Source data
------------
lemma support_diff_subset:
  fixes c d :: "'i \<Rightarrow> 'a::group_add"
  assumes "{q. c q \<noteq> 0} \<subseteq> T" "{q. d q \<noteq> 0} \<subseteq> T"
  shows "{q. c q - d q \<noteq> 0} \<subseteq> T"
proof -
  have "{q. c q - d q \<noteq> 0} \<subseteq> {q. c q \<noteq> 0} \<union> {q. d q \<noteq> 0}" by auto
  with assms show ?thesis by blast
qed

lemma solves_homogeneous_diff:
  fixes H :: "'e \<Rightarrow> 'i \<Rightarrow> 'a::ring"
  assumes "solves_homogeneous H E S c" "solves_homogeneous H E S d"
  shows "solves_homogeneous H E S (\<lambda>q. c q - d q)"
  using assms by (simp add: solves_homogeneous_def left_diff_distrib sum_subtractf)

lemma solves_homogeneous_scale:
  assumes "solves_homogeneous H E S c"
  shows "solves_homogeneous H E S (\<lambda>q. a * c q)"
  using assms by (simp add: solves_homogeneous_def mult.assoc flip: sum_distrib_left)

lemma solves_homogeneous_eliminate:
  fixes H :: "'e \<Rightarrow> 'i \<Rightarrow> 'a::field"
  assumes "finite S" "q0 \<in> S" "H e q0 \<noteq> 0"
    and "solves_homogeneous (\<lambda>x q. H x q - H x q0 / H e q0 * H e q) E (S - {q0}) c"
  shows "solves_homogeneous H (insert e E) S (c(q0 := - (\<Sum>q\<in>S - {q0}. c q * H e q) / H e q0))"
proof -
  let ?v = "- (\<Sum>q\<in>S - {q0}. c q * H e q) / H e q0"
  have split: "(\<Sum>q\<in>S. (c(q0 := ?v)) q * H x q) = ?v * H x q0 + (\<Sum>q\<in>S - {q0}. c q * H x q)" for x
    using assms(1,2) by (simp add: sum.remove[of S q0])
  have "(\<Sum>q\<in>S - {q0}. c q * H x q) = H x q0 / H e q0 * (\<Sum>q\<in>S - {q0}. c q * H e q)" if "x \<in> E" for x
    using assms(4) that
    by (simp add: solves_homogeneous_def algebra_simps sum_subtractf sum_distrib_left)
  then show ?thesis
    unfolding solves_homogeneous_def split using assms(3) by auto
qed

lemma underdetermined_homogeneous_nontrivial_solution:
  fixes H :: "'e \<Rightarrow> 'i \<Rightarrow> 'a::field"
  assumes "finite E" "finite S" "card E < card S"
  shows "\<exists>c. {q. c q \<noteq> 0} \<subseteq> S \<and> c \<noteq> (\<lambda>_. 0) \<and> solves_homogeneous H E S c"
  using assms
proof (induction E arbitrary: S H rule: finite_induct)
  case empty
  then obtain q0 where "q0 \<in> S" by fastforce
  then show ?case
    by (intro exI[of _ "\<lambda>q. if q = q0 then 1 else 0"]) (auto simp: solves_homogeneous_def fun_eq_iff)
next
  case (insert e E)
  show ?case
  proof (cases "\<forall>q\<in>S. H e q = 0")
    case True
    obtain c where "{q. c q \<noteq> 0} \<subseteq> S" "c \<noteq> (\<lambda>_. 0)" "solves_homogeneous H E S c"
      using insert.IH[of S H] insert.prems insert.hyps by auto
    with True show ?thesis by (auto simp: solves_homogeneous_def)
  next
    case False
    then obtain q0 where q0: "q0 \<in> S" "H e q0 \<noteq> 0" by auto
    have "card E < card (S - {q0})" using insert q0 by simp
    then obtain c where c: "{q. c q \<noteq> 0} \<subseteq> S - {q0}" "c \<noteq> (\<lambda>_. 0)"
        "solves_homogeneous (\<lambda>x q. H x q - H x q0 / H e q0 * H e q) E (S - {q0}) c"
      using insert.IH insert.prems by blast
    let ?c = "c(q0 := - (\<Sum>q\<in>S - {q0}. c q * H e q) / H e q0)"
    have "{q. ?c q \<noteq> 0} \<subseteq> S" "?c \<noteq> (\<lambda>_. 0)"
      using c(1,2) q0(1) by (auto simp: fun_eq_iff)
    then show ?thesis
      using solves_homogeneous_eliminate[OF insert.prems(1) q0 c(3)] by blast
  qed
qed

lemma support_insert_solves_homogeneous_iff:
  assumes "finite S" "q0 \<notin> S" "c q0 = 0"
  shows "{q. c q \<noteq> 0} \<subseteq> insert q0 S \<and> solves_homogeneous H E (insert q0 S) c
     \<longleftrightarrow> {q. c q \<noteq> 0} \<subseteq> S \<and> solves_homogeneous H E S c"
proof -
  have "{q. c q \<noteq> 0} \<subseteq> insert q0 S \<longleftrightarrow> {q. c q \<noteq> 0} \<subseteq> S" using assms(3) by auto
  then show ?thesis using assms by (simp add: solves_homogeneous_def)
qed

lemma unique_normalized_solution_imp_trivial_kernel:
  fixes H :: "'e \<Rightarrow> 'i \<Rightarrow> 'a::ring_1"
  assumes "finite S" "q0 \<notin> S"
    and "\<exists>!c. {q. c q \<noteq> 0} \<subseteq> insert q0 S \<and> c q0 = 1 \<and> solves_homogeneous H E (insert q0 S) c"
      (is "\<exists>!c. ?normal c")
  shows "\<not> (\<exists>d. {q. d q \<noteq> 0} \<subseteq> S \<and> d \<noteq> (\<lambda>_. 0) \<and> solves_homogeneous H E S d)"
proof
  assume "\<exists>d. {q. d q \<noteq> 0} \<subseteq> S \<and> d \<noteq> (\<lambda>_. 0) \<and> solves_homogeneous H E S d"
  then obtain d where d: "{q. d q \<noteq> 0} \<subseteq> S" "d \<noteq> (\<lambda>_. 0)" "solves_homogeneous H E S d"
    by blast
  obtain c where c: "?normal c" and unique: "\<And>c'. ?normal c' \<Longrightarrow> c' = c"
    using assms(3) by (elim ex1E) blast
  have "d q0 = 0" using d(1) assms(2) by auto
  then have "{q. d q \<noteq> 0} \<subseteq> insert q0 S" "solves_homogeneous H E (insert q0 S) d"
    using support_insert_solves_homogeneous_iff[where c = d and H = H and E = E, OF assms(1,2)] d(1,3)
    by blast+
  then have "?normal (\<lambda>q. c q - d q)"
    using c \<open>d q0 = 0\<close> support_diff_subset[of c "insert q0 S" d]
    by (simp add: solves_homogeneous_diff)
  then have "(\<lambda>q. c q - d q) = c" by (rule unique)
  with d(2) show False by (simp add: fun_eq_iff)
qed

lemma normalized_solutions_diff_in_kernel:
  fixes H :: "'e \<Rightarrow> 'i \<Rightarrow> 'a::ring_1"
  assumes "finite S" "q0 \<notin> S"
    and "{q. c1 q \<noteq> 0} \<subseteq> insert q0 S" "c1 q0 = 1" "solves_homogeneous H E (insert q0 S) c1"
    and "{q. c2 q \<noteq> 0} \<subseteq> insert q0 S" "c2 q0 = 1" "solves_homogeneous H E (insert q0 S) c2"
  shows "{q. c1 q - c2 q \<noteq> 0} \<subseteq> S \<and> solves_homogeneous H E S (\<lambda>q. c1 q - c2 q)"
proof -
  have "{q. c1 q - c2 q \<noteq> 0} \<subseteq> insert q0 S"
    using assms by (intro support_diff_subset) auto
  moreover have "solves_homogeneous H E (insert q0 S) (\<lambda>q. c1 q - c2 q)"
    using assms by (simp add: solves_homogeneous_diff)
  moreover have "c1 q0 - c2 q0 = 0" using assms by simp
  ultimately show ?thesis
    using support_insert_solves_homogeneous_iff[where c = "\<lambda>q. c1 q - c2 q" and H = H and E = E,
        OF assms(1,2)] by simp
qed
------------
# Requirement:
Where a line of the records has the string "thesis", copy that line.

# Exercise answer:
  with assms show ?thesis by blast
  then show ?thesis
    with True show ?thesis by (auto simp: solves_homogeneous_def)
    then show ?thesis
  then show ?thesis using assms by (simp add: solves_homogeneous_def)
  ultimately show ?thesis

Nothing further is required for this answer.